Avant de rendre une ordonnance à l’encontre d’une personne, le ministre doit lui notifier par écrit le préavis prescrit par l’article 5 de la Loi sur la justice administrative (chapitre J-3) et lui accorder un délai d’au moins 10 jours pour présenter ses observations. Le ministre peut toutefois, dans un contexte d’urgence ou en vue d’éviter que ne soit causé un préjudice irréparable, rendre une ordonnance sans être tenu à ces obligations préalables. Dans ce cas, la personne peut, dans un délai de 10 jours à compter de la signification de l’ordonnance, présenter ses observations pour obtenir une révision de l’ordonnance rendue.

Cette ordonnance peut être annulée ou la durée peut en être écourtée par un juge de la Cour supérieure à la demande d’une personne intéressée.

À la demande du ministre, un juge de cette cour peut aussi, en plus d’enjoindre à une personne de s’y conformer, prolonger ou reconduire l’ordonnance rendue, ou la rendre permanente, s’il considère que le bien en cause est l’objet d’une menace sérieuse et s’il est d’avis que l’ordonnance du ministre est appropriée.

Le juge peut aussi apporter à cette ordonnance toute modification qui lui apparaît raisonnable dans les circonstances.

À défaut par une personne de procéder à l’exécution, dans le délai imparti, des mesures ordonnées en vertu de la présente section, la Cour peut autoriser le ministre à faire exécuter ces mesures.

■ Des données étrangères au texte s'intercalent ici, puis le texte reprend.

(* Let $s\ge 1$, $1\le M<N$ be integers and let $\tilde\phi:(0,\infty)\to\mathbb{R}$ be of class $C^4$, such that for some $r^*>0$ one has $\tilde\phi''(r)\ge 0$ for $r\in(0,r^*]$ and $\tilde\phi''(r)<0$ for $r>r^*$, and such that $\tilde\phi$ and its derivatives decay at infinity. Let $(y_\ell)_{\ell\in\mathbb{Z}}$ be an increasing chain with $y_{\ell+1+2N}-y_{\ell+2N}=y_{\ell+1}-y_\ell$ for all $\ell$, with atomistic energy $$\mathcal{E}^a(\mathbf{y})=\sum_{k=1}^{s}\sum_{\ell=-N+1}^{N}\tilde\phi(y_{\ell+k-1}-y_{\ell-1}).$$ Let $-N=\ell_{-M}<\ell_{-M+1}<\dots<\ell_M=N$ be integers, extended by $\ell_{j+2M}=\ell_j+2N$, set $Y_j=y_{\ell_j}$, $\tilde\nu_j=\ell_j-\ell_{j-1}$ and $\tilde r_j=(Y_j-Y_{j-1})/\tilde\nu_j$, and assume $\tilde\nu_j\ge s$ for all $j$ and that $\mathbf y$ is the piecewise linear interpolation of the $Y_j$, i.e. $y_{\ell_{j-1}+i}=Y_{j-1}+i\tilde r_j$ for $0\le i\le \tilde\nu_j$; write $\mathcal{E}^a(\mathbf{Y})$ for $\mathcal{E}^a(\mathbf y)$. Fix $\epsilon>0$ and define $\phi(r)=\epsilon^{-1}\tilde\phi(\epsilon r)$, $\phi_{cb}(r)=\sum_{k=1}^s\phi(kr)$, $X_j=\epsilon\ell_j$, $H_j=(X_j-X_{j-2})/2$, $\nu_j=\epsilon\tilde\nu_j$, $Y'_j=(Y_j-Y_{j-1})/(X_j-X_{j-1})$ $(=\tilde r_j/\epsilon)$, $Y''_j=(Y'_j-Y'_{j-1})/H_j$, and the local QC energy $\mathcal{E}^{qc}(\mathbf{Y})=\sum_{j=-M+1}^{M}\nu_j\phi_{cb}(Y'_j)$. Then there exist scalars $\eta_{jk}\in[0,1]$ ($j=-M+1,\dots,M$, $k=2,\dots,s$) such that $$\mathcal{E}^a(\mathbf{Y})=\mathcal{E}^{qc}(\mathbf{Y})+\sum_{j=-M+1}^{M}H_{j+1}C_j\left\{\epsilon H_{j+1}(Y''_{j+1})^2\right\},\qquad C_j:=\sum_{k=2}^{s}\frac{-k^3+k}{12}\,\phi''\Big(k\big(\eta_{jk}Y'_j+(1-\eta_{jk})Y'_{j+1}\big)\Big).$$ (In this sense $\mathcal{E}^{qc}$ is formally a second order approximation of $\mathcal{E}^a$.)
   Context: All indexed quantities $Y_j,\tilde r_j, X_j, H_j, Y'_j, Y''_j$ are extended to all $j\in\mathbb{Z}$ via the periodic extension of the indices $\ell_j$ and the periodicity of the chain (so e.g. $Y'_{M+1}=Y'_{-M+1}$). *)

theory Defs
  imports "HOL-Analysis.Analysis"
begin

definition C4_on :: "real set \<Rightarrow> (real \<Rightarrow> real) \<Rightarrow> bool" where
  "C4_on S f \<longleftrightarrow> (\<forall>k<4. \<forall>x\<in>S. (deriv ^^ k) f differentiable (at x))
                   \<and> continuous_on S ((deriv ^^ 4) f)"

definition E_at :: "(real \<Rightarrow> real) \<Rightarrow> nat \<Rightarrow> int \<Rightarrow> (int \<Rightarrow> real) \<Rightarrow> real" where
  "E_at phit s N y = (\<Sum>k=1..s. \<Sum>l=-N+1..N. phit (y (l + int k - 1) - y (l - 1)))"

definition phi_eps :: "(real \<Rightarrow> real) \<Rightarrow> real \<Rightarrow> real \<Rightarrow> real" where
  "phi_eps phit \<epsilon> r = phit (\<epsilon> * r) / \<epsilon>"

definition phi_cb :: "(real \<Rightarrow> real) \<Rightarrow> nat \<Rightarrow> real \<Rightarrow> real" where
  "phi_cb phi s r = (\<Sum>k=1..s. phi (real k * r))"

definition Ynode :: "(int \<Rightarrow> real) \<Rightarrow> (int \<Rightarrow> int) \<Rightarrow> int \<Rightarrow> real" where
  "Ynode y l j = y (l j)"

definition Xnode :: "real \<Rightarrow> (int \<Rightarrow> int) \<Rightarrow> int \<Rightarrow> real" where
  "Xnode \<epsilon> l j = \<epsilon> * real_of_int (l j)"

definition Hnode :: "real \<Rightarrow> (int \<Rightarrow> int) \<Rightarrow> int \<Rightarrow> real" where
  "Hnode \<epsilon> l j = (Xnode \<epsilon> l j - Xnode \<epsilon> l (j - 2)) / 2"

definition nunode :: "real \<Rightarrow> (int \<Rightarrow> int) \<Rightarrow> int \<Rightarrow> real" where
  "nunode \<epsilon> l j = \<epsilon> * real_of_int (l j - l (j - 1))"

definition Y1 :: "real \<Rightarrow> (int \<Rightarrow> real) \<Rightarrow> (int \<Rightarrow> int) \<Rightarrow> int \<Rightarrow> real" where
  "Y1 \<epsilon> y l j = (Ynode y l j - Ynode y l (j - 1)) / (Xnode \<epsilon> l j - Xnode \<epsilon> l (j - 1))"

definition Y2 :: "real \<Rightarrow> (int \<Rightarrow> real) \<Rightarrow> (int \<Rightarrow> int) \<Rightarrow> int \<Rightarrow> real" where
  "Y2 \<epsilon> y l j = (Y1 \<epsilon> y l j - Y1 \<epsilon> y l (j - 1)) / Hnode \<epsilon> l j"

definition E_qc :: "(real \<Rightarrow> real) \<Rightarrow> nat \<Rightarrow> int \<Rightarrow> real \<Rightarrow> (int \<Rightarrow> real) \<Rightarrow> (int \<Rightarrow> int) \<Rightarrow> real" where
  "E_qc phit s M \<epsilon> y l =
     (\<Sum>j=-M+1..M. nunode \<epsilon> l j * phi_cb (phi_eps phit \<epsilon>) s (Y1 \<epsilon> y l j))"

end

(*
  In an element j of the piecewise affine chain all bonds of range k
  starting in the element have length k r_j, except the k - 1 bonds that straddle
  the node between the elements j and j + 1, whose lengths are i r_j + (k - i) r_(j+1),
  0 < i < k. Counting the straddling bonds as (k - 1)/2 bonds of length k r_j plus
  (k - 1)/2 of length k r_(j+1) and using periodicity to shift the latter to element
  j + 1 gives exactly the Cauchy-Born energy; the error is the defect of the discrete
  trapezoidal rule for i |-> phi(i r_j + (k - i) r_(j+1)). Summation by parts against
  the weights i (k - i), which sum to k (k^2 - 1)/6, turns this defect into a weighted
  mean of second differences, i.e. of (r_j - r_(j+1))^2 phi'' at intermediate points,
  and the intermediate value theorem for phi'' collapses the mean to one point.
*)
theory Submission
  imports Defs
begin

section \<open>Second differences and the discrete trapezoidal rule\<close>

lemma taylor_order2_closed_segment:
  fixes f :: "real \<Rightarrow> real"
  assumes f2: "\<And>t. t \<in> closed_segment c x \<Longrightarrow> f differentiable at t \<and> deriv f differentiable at t"
  shows "\<exists>t\<in>closed_segment c x.
           f x = f c + deriv f c * (x - c) + deriv (deriv f) t / 2 * (x - c)^2"
proof (cases "x = c")
  case True
  then show ?thesis by auto
next
  case False
  have "\<forall>m t. m < 2 \<and> min c x \<le> t \<and> t \<le> max c x \<longrightarrow>
      DERIV ((deriv ^^ m) f) t :> (deriv ^^ Suc m) f t"
  proof (intro allI impI)
    fix m :: nat and t :: real assume mt: "m < 2 \<and> min c x \<le> t \<and> t \<le> max c x"
    then have "t \<in> closed_segment c x"
      by (auto simp: closed_segment_eq_real_ivl)
    with mt f2 show "DERIV ((deriv ^^ m) f) t :> (deriv ^^ Suc m) f t"
      by (auto simp: less_2_cases_iff DERIV_deriv_iff_real_differentiable)
  qed
  from Taylor[of 2 "\<lambda>m. (deriv ^^ m) f", OF _ _ this _ _ _ _ False]
  obtain t where t: "if x < c then x < t \<and> t < c else c < t \<and> t < x"
    and "f x = (\<Sum>m<2. (deriv ^^ m) f c / fact m * (x - c)^m) + (deriv ^^ 2) f t / fact 2 * (x - c)^2"
    by auto
  then have "f x = f c + deriv f c * (x - c) + deriv (deriv f) t / 2 * (x - c)^2"
    by (simp add: numeral_2_eq_2)
  moreover have "t \<in> closed_segment c x"
    using t by (auto simp: closed_segment_eq_real_ivl split: if_splits)
  ultimately show ?thesis by blast
qed

lemma second_difference_eq_deriv2:
  fixes f :: "real \<Rightarrow> real"
  assumes f2: "\<And>t. t \<in> closed_segment (c - d) (c + d) \<Longrightarrow> f differentiable at t \<and> deriv f differentiable at t"
    and cont: "continuous_on (closed_segment (c - d) (c + d)) (deriv (deriv f))"
  shows "\<exists>\<xi>\<in>closed_segment (c - d) (c + d). f (c + d) - 2 * f c + f (c - d) = d^2 * deriv (deriv f) \<xi>"
proof -
  let ?I = "closed_segment (c - d) (c + d)"
  have c: "c \<in> ?I"
    by (auto simp: closed_segment_eq_real_ivl)
  have sub: "closed_segment c x \<subseteq> ?I" if "x \<in> ?I" for x
    using c that by (simp add: closed_segment_subset)
  obtain t1 where t1: "t1 \<in> ?I"
    and e1: "f (c + d) = f c + deriv f c * d + deriv (deriv f) t1 / 2 * d^2"
    using taylor_order2_closed_segment[of c "c + d" f] f2 sub[of "c + d"] by auto
  obtain t2 where t2: "t2 \<in> ?I"
    and e2: "f (c - d) = f c - deriv f c * d + deriv (deriv f) t2 / 2 * d^2"
    using taylor_order2_closed_segment[of c "c - d" f] f2 sub[of "c - d"] by auto
  let ?m = "(deriv (deriv f) t1 + deriv (deriv f) t2) / 2"
  have "?m \<in> closed_segment (deriv (deriv f) t1) (deriv (deriv f) t2)"
    by (auto simp: closed_segment_eq_real_ivl)
  moreover have "continuous_on (closed_segment t1 t2) (deriv (deriv f))"
    using cont t1 t2 by (meson closed_segment_subset continuous_on_subset convex_closed_segment)
  ultimately obtain \<xi> where "\<xi> \<in> closed_segment t1 t2" "deriv (deriv f) \<xi> = ?m"
    using IVT'_closed_segment_real by blast
  moreover have "closed_segment t1 t2 \<subseteq> ?I"
    using t1 t2 by (simp add: closed_segment_subset)
  moreover have "f (c + d) - 2 * f c + f (c - d) = d^2 * ?m"
    using e1 e2 by (simp add: algebra_simps)
  ultimately show ?thesis by (metis subsetD)
qed

lemma weighted_sum_eq_continuous_value:
  fixes g :: "real \<Rightarrow> real" and w :: "'a \<Rightarrow> real"
  assumes "finite I" and "continuous_on T g" and "is_interval T"
    and "\<And>i. i \<in> I \<Longrightarrow> 0 \<le> w i" and "sum w I > 0" and "\<And>i. i \<in> I \<Longrightarrow> \<xi> i \<in> T"
  shows "\<exists>\<xi>'\<in>T. (\<Sum>i\<in>I. w i * g (\<xi> i)) = sum w I * g \<xi>'"
proof -
  have "convex (g ` T)"
    using assms(2,3) connected_continuous_image is_interval_connected is_interval_convex_1
      is_interval_connected_1 by blast
  then have "(\<Sum>i\<in>I. (w i / sum w I) *\<^sub>R g (\<xi> i)) \<in> g ` T"
    using assms by (intro convex_sum) (auto simp: sum_divide_distrib[symmetric])
  then obtain \<xi>' where "\<xi>' \<in> T" "(\<Sum>i\<in>I. (w i / sum w I) * g (\<xi> i)) = g \<xi>'"
    by auto
  moreover have "(\<Sum>i\<in>I. w i * g (\<xi> i)) = sum w I * (\<Sum>i\<in>I. (w i / sum w I) * g (\<xi> i))"
    using assms(5) by (simp add: sum_distrib_left)
  ultimately show ?thesis by metis
qed

lemma sum_parabolic_weights_second_diff_gen:
  fixes F :: "nat \<Rightarrow> real" and K :: real
  shows "(\<Sum>i\<in>{1..<Suc n}. real i * (K - real i) * (F (i + 1) - 2 * F i + F (i - 1)))
     = real n * (K - real n) * (F (Suc n) - F n) - (K + 1 - 2 * real n) * F n + (K + 1) * F 0
       - 2 * (\<Sum>i<n. F i)"
proof (induction n)
  case (Suc n)
  have "{1..<Suc (Suc n)} = insert (Suc n) {1..<Suc n}" by auto
  with Suc show ?case by (simp add: algebra_simps)
qed simp

lemma sum_parabolic_weights_second_diff:
  fixes F :: "nat \<Rightarrow> real"
  assumes "1 \<le> k"
  shows "(\<Sum>i\<in>{1..<k}. real i * (real k - real i) * (F (i + 1) - 2 * F i + F (i - 1)))
     = (real k - 1) * (F 0 + F k) - 2 * (\<Sum>i\<in>{1..<k}. F i)"
proof -
  obtain n where n: "k = Suc n" using assms by (cases k) auto
  have "{..<k} = insert 0 {1..<k}" using assms by auto
  then have "(\<Sum>i\<in>{1..<k}. F i) = (\<Sum>i<k. F i) - F 0" by simp
  then show ?thesis
    using sum_parabolic_weights_second_diff_gen[of "real k" F n] by (simp add: n algebra_simps)
qed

Le coût de leur exécution encouru par le ministre constitue une créance prioritaire sur le bien, au même titre et selon le même rang que les créances visées au paragraphe 4º de l’article 2651 du Code civil; ce coût est garanti par une hypothèque légale sur le bien.

Cette procédure, qui a un effet paralysant et qui accorde un puissant pouvoir d’intervention au ministre, est toutefois limitée à une période maximale de 30 jours, le temps que celui-ci puisse statuer sur le caractère patrimonial du bien visé. Il s’agit d’une mesure d’urgence pour prévenir la disparition ou la démolition d’un immeuble. De plus, pour éviter que des abus ne viennent paralyser l’action des propriétaires, la Cour supérieure peut intervenir pour annuler cette ordonnance ministérielle ou en écourter la durée.

Lors de l’audition, le ministre s’était engagé à faire connaître sa position au plus tard le 28 février 2014. À ce moment, il ne s’agissait que d’un bien susceptible de présenter une valeur patrimoniale.

Le juge a conclu que l’ordonnance du ministre respectait les prescriptions de la loi et qu’elle était raisonnable dans les circonstances. Par contre, plutôt que d’ordonner la cessation des travaux pour une période de 30 jours, et vu l’engagement du ministre, le juge a modifié l’ordonnance pour que celle-ci soit valide jusqu’au 28 février 2014 à 16 h 30.

La sauvegarde de la Maison Redpath n’a cependant été que de courte durée puisque le ministre a finalement décidé que l’immeuble « ne présent[ait] pas un intérêt patrimonial justifiant son classement ». Malgré tout, la décision de la Cour supérieure constitue un premier cas d’application intéressant de l’article 76 de la loi.

Référence

2435-2221 Québec inc. c. Québec (Procureur général) (Ministre de la Culture et des Communications), (C.S., 2014-02-25), 2014 QCCS 652, SOQUIJ AZ-51049034.